Created 06-27-2017 09:25 PM
i have a table with 1 million rows and i can select from it but when i try count(*) from hive it shows 0 rows ?
hive> select txn_id,msg_id from pa_lane_txn limit 10; OK 19651715642 PRKG 19651715644 TTOL 19651715646 ETKT 19651715648 TTOL 19651715650 TTOL 19651715654 XTKT 19651715656 XTKT 19651715658 TTOL 19651715660 TTOL 19651715662 TTOL Time taken: 0.142 seconds, Fetched: 10 row(s) hive> select count(*) from pa_lane_txn; OK 0 Time taken: 0.083 seconds, Fetched: 1 row(s) hive>
Created 06-27-2017 09:42 PM
@Sami Ahmad Do you have any Ranger policies in place?

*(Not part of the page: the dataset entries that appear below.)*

theorem lemma6p3:
  fixes M :: "'a measure" and F :: "enat \<Rightarrow> 'a measure" and T :: enat
    and \<sigma> :: "'a \<Rightarrow> enat" and G V S :: "enat \<Rightarrow> 'a \<Rightarrow> real"
  assumes prob: "prob_space M"
    and filt: "filtration_on M F (TTbar T)"
    and F0: "sets (F 0) = {{}, space M}"
    and sigma_meas: "\<sigma> \<in> measurable M (count_space UNIV)"
    and sigma_stop: "\<forall>t\<in>TTbar T. {\<omega> \<in> space M. \<sigma> \<omega> \<le> t} \<in> sets (F t)"
    and sigma_pos: "AE \<omega> in M. 0 < \<sigma> \<omega>"
    and G_adapted: "adapted_on F (TT T) G"
    and G_inf: "T = \<infinity> \<longrightarrow> (AE \<omega> in M. \<omega> \<in> Dset M \<sigma> \<infinity> \<longrightarrow>
                   ereal (G \<infinity> \<omega>) = limsup (\<lambda>n. ereal (G (enat n) \<omega>)))"
    and G_int: "(\<integral>\<^sup>+ \<omega>. (SUP t\<in>TTbar T. ennreal (\<bar>G t \<omega>\<bar> * indicator (Dset M \<sigma> t) \<omega>)) \<partial>M) < \<infinity>"
    and V_adapted: "adapted_on F (TT T) V"
    and S_adapted: "adapted_on F (TTbar T) S"
  shows
   "( \<comment> \<open>(i)\<close>
      (\<forall>t\<in>TT T. AE \<omega> in M. (\<omega> \<in> Dset M \<sigma> t \<longrightarrow> 0 < S t \<omega> \<and> S t \<omega> \<le> 1) \<and>
                           (\<omega> \<notin> Dset M \<sigma> t \<longrightarrow> S t \<omega> = 0)) \<and>
      (\<forall>t\<in>TT T. AE \<omega> in M. eff_horizon M F \<sigma> T \<omega> \<le> t \<and> \<omega> \<in> Dset M \<sigma> t \<longrightarrow> V t \<omega> = G t \<omega>) \<and>
      \<comment> \<open>(ii)\<close>
      (\<forall>t\<in>TT T. AE \<omega> in M. \<omega> \<in> Dset M \<sigma> t \<longrightarrow> G t \<omega> \<le> V t \<omega>) \<and>
      supermartingale_on M F (TT T) (stopped (eff_horizon M F \<sigma> T) (kprod M \<sigma> S V)) \<and>
      (\<forall>W. adapted_on F (TT T) W \<and>
           (\<forall>t\<in>TT T. AE \<omega> in M. \<omega> \<in> Dset M \<sigma> t \<longrightarrow> G t \<omega> \<le> W t \<omega>) \<and>
           supermartingale_on M F (TT T) (stopped (eff_horizon M F \<sigma> T) (kprod M \<sigma> S W))
         \<longrightarrow> (\<forall>t\<in>TT T. AE \<omega> in M. \<omega> \<in> Dset M \<sigma> t \<longrightarrow> V t \<omega> \<le> W t \<omega>)) \<and>
      \<comment> \<open>(iii)\<close>
      (\<forall>t\<in>TTbar T. AE \<omega> in M. 0 \<le> S t \<omega>) \<and>
      supermartingale_on M F (TTbar T) S \<and>
      (\<forall>t\<in>TT T. AE \<omega> in M. \<omega> \<in> Dset M \<sigma> t \<and> V t \<omega> = G t \<omega> \<longrightarrow> S t \<omega> = 1) \<and>
      (T = \<infinity> \<longrightarrow> (AE \<omega> in M. S \<infinity> \<omega> = indicator (Dset M \<sigma> \<infinity>) \<omega>)) \<and>
      (\<forall>Z. (\<forall>t\<in>TTbar T. AE \<omega> in M. 0 \<le> Z t \<omega>) \<and>
           supermartingale_on M F (TTbar T) Z \<and>
           (\<forall>t\<in>TT T. AE \<omega> in M. \<omega> \<in> Dset M \<sigma> t \<and> V t \<omega> = G t \<omega> \<longrightarrow> Z t \<omega> = 1) \<and>
           (T = \<infinity> \<longrightarrow> (AE \<omega> in M. Z \<infinity> \<omega> = indicator (Dset M \<sigma> \<infinity>) \<omega>))
         \<longrightarrow> (\<forall>t\<in>TTbar T. AE \<omega> in M. S t \<omega> \<le> Z t \<omega>)))
    \<longleftrightarrow>
    ( \<comment> \<open>(i')\<close>
      (\<forall>t\<in>TT T. AE \<omega> in M. \<omega> \<in> Dset M \<sigma> t \<longrightarrow> 0 < S t \<omega>) \<and>
      (\<forall>t\<in>TT T. AE \<omega> in M. eff_horizon M F \<sigma> T \<omega> \<le> t \<and> \<omega> \<in> Dset M \<sigma> t \<longrightarrow> V t \<omega> = G t \<omega>) \<and>
      \<comment> \<open>(ii')\<close>
      snell_envelope_on M F (TT T)
        (stopped (eff_horizon M F \<sigma> T) (kprod M \<sigma> S G))
        (stopped (eff_horizon M F \<sigma> T) (kprod M \<sigma> S V)) \<and>
      \<comment> \<open>(iii')\<close>
      snell_envelope_on M F (TTbar T)
        (\<lambda>t \<omega>. indicator {\<omega> \<in> Dset M \<sigma> t. t \<noteq> \<infinity> \<and> V t \<omega> = G t \<omega>} \<omega>
              + indicator {\<omega> \<in> space M. t = \<infinity> \<and> \<sigma> \<omega> = \<infinity>} \<omega>)
        S)"
proof -
  interpret stopping_problem M F T \<sigma>
    using prob filt sigma_stop by (simp add: stopping_problem_def stopping_problem_axioms_def)
  note iii_iff = snell_exercise_iff[of V G S,
      unfolded exercise_indicator_def[abs_def] exercise_majorant_def conj_assoc]
  note S_le_D = snell_exercise_le_Dset[of V G S, unfolded exercise_indicator_def[abs_def]]
  note ii_iff = least_weighted_majorant_iff_snell[OF S_adapted G_adapted V_adapted,
      unfolded least_weighted_majorant_def]
  note i_iff = positive_on_Dset_iff[where S = S and M = M and \<sigma> = \<sigma> and T = T]
  show ?thesis
    unfolding iii_iff[symmetric] using iii_iff S_le_D ii_iff i_iff by blast
qed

Created 06-27-2017 10:00 PM
Run as below:
select count(*)from pa_lane_txn limit 2;
In above process it might not triggering any mapreduce jobs and just getting from metadata of table status which might not be updated. If this helps, please 'accept' it.
Created 06-28-2017 01:19 PM
yes that gave me the count but that's not a solution ,its a work around . I would like to know why the count(*) is not working and how can I fix it ?

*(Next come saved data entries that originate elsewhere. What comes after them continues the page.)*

(* Let $n,d,e,f$ be positive integers with $d\mid n$ and $\gcd(e,n/d)=1$. Then $I_{n,de}=I_{n,d}$ and $I_{n,f}=I_{n,\gcd(n,f)}$. Moreover $$I_{n,d}=\sum_{k=0}^{\lfloor d/2\rfloor}\frac{d!\,(n/d)^k\,\bigl(2-(n/d \bmod 2)\bigr)^{d-2k}}{2^k k!\,(d-2k)!},$$ and in particular $I_n=\sum_{k=0}^{\lfloor n/2\rfloor}\frac{n!}{2^k k!(n-2k)!}$.
   Context: For positive integers $n,d$ and an $n$-cycle $\zeta\in S_n$, $I_{n,d}$ is the number of $\tau\in S_n$ with $\tau^2=1$ and $\tau\zeta^d=\zeta^d\tau$ (independent of the choice of $\zeta$), and $I_n:=I_{n,n}$. Here $n\bmod 2\in\{0,1\}$ is the remainder of $n$ upon division by $2$. *)

theory Defs
  imports Complex_Main "HOL-Combinatorics.Permutations"
begin

definition std_cycle :: "nat \<Rightarrow> nat \<Rightarrow> nat" where
  "std_cycle n = (\<lambda>i. if i < n then Suc i mod n else i)"

definition I_nd :: "nat \<Rightarrow> nat \<Rightarrow> nat" where
  "I_nd n d = card {\<tau>. \<tau> permutes {..<n} \<and> \<tau> \<circ> \<tau> = id \<and>
                        \<tau> \<circ> (std_cycle n ^^ d) = (std_cycle n ^^ d) \<circ> \<tau>}"

definition I_n :: "nat \<Rightarrow> nat" where
  "I_n n = I_nd n n"

end

(*
  Write m = n div d and i = r + d j with r < d, j < m; then zeta^d maps r + d j to r + d (j + 1 mod m).
  A permutation commuting with zeta^d is therefore determined by the images of 0, ..., d - 1: writing
  tau r = p r + d s r, it sends r + d j to p r + d (s r + j mod m), and it is an involution iff p is an
  involution of {0..<d} and s (p r) + s r = 0 (mod m). Counting these pairs (p, s) according to whether
  p fixes a given point or swaps it with one of the other d - 1 points gives the recurrence
  T (d + 2) = c T (d + 1) + (d + 1) m T d, with c = #{t mod m. 2 t = 0} = 2 - (m mod 2), and the stated
  sum solves it. The invariance statements hold because zeta^(d e) and zeta^d, resp. zeta^f and
  zeta^(gcd n f), are powers of each other, so they have the same centraliser.
*)
theory Submission
  imports Defs
begin

section \<open>Powers of the standard cycle and their centralisers\<close>

lemma comp_funpow_commute:
  assumes "f \<circ> g = g \<circ> f"
  shows "f \<circ> g ^^ k = g ^^ k \<circ> f"
proof (induction k)
  case (Suc k)
  then show ?case
    by (metis assms comp_assoc funpow.simps(2))
qed simp

lemma std_cycle_funpow:
  assumes "n > 0"
  shows "std_cycle n ^^ j = (\<lambda>i. if i < n then (i + j) mod n else i)"
  using assms by (induction j) (auto simp: fun_eq_iff std_cycle_def mod_Suc_eq)

lemma std_cycle_funpow_outside: "\<not> i < n \<Longrightarrow> (std_cycle n ^^ j) i = i"
  by (induction j) (simp_all add: std_cycle_def)

lemma std_cycle_funpow_mod_eq:
  assumes "n > 0" "a mod n = b mod n"
  shows "std_cycle n ^^ a = std_cycle n ^^ b"
  using assms by (simp add: std_cycle_funpow fun_eq_iff) (metis mod_add_right_eq)

definition commuting_involutions :: "nat \<Rightarrow> (nat \<Rightarrow> nat) \<Rightarrow> (nat \<Rightarrow> nat) set" where
  "commuting_involutions n g = {\<tau>. \<tau> permutes {..<n} \<and> \<tau> \<circ> \<tau> = id \<and> \<tau> \<circ> g = g \<circ> \<tau>}"

lemma I_nd_eq_card_commuting_involutions:
  "I_nd n d = card (commuting_involutions n (std_cycle n ^^ d))"
  by (simp add: I_nd_def commuting_involutions_def)

lemma commuting_involutions_subset_funpow:
  "commuting_involutions n g \<subseteq> commuting_involutions n (g ^^ k)"
  by (auto simp: commuting_involutions_def comp_funpow_commute)

lemma I_nd_eq_if_mutual_multiples:
  assumes "n > 0" "a * k mod n = b mod n" "b * l mod n = a mod n"
  shows "I_nd n a = I_nd n b"
proof -
  have "std_cycle n ^^ b = (std_cycle n ^^ a) ^^ k" "std_cycle n ^^ a = (std_cycle n ^^ b) ^^ l"
    unfolding funpow_mult using assms by (metis std_cycle_funpow_mod_eq)+
  then have "commuting_involutions n (std_cycle n ^^ a) = commuting_involutions n (std_cycle n ^^ b)"
    by (metis commuting_involutions_subset_funpow subset_antisym)
  then show ?thesis
    by (simp add: I_nd_eq_card_commuting_involutions)
qed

also if you notice the time it took for the count(*) limit 2 is very long .
hive> select count(*) from pa_lane_txn; OK 0 Time taken: 1.372 seconds, Fetched: 1 row(s) hive> select count(*) from pa_lane_txn limit 2; Query ID = hdfs_20170628090950_5997e0e1-3524-4af7-9d3d-094490af3d56 Total jobs = 1 Launching Job 1 out of 1 Status: Running (Executing on YARN cluster with App id application_1498486352413_0031) -------------------------------------------------------------------------------- VERTICES STATUS TOTAL COMPLETED RUNNING PENDING FAILED KILLED -------------------------------------------------------------------------------- Map 1 .......... SUCCEEDED 2 2 0 0 0 0 Reducer 2 ...... SUCCEEDED 1 1 0 0 0 0 -------------------------------------------------------------------------------- VERTICES: 02/02 [==========================>>] 100% ELAPSED TIME: 154.75 s -------------------------------------------------------------------------------- OK 9999999 Time taken: 157.841 seconds, Fetched: 1 row(s) hive>
Created 06-29-2017 04:08 AM
Hope @Ishan has provided the correct reason for route cause. Let me know if you have any questions.
Created 06-28-2017 02:33 PM
@Sami Ahmad For some tables hive just looks at the table metadata and fetches the values which might not have been updated. There are two ways to approach this.
1. You can run ANALYZE TABLE pa_lane_txn and then run select count(*) statement. This will give you the correct value.
2. You can force hive to run a mapreduce job to count the number of rows by setting fetch task conversion to none;
hive> set hive.fetch.task.conversion=none;
Created 11-08-2017 02:02 PM
It works after I set this in hive-site.xml
I am not sure the reason, but it was forced to run mapreduce
hive.compute.query.using.stats=false
I also found something in hive metastore (mine is MySQL).
mysql> SELECT PARAM_VALUE FROM PARTITION_PARAMS AS A, PARTITIONS AS B WHERE A.PARAM_KEY='numRows' and A.PART_ID=B.PART_ID and A.PARAM_VALUE = 0 limit 10;
It seems if PARAM_VALUE is not -1, hive will return this value without running mapreduce.
If PARAM_VALUE equals to -1, mapreduce will be executed.
Created 10-23-2018 04:44 PM
Its better not to disturb the properties on the statistics usage like hive.compute.query.using.stats. It impacts the way the statistics are used in your query for performance optimization and execution plans. It has tremendous influence on execution plans, the statistics stored depends on the file format as well. Therefore definitely not a solution to change any property with regards to statistics.
The real reason for count not working correctly is the statistics not updated in the hive due to which it returns 0. When a table is created first, the statistics is written with no data rows. Thereafter any data append/change happens hive requires to update this statistics in the metadata. Depending on the circumstances hive might not be updating this real time.
Therefore running the ANALYZE command recomputes this statistics to make this work correctly.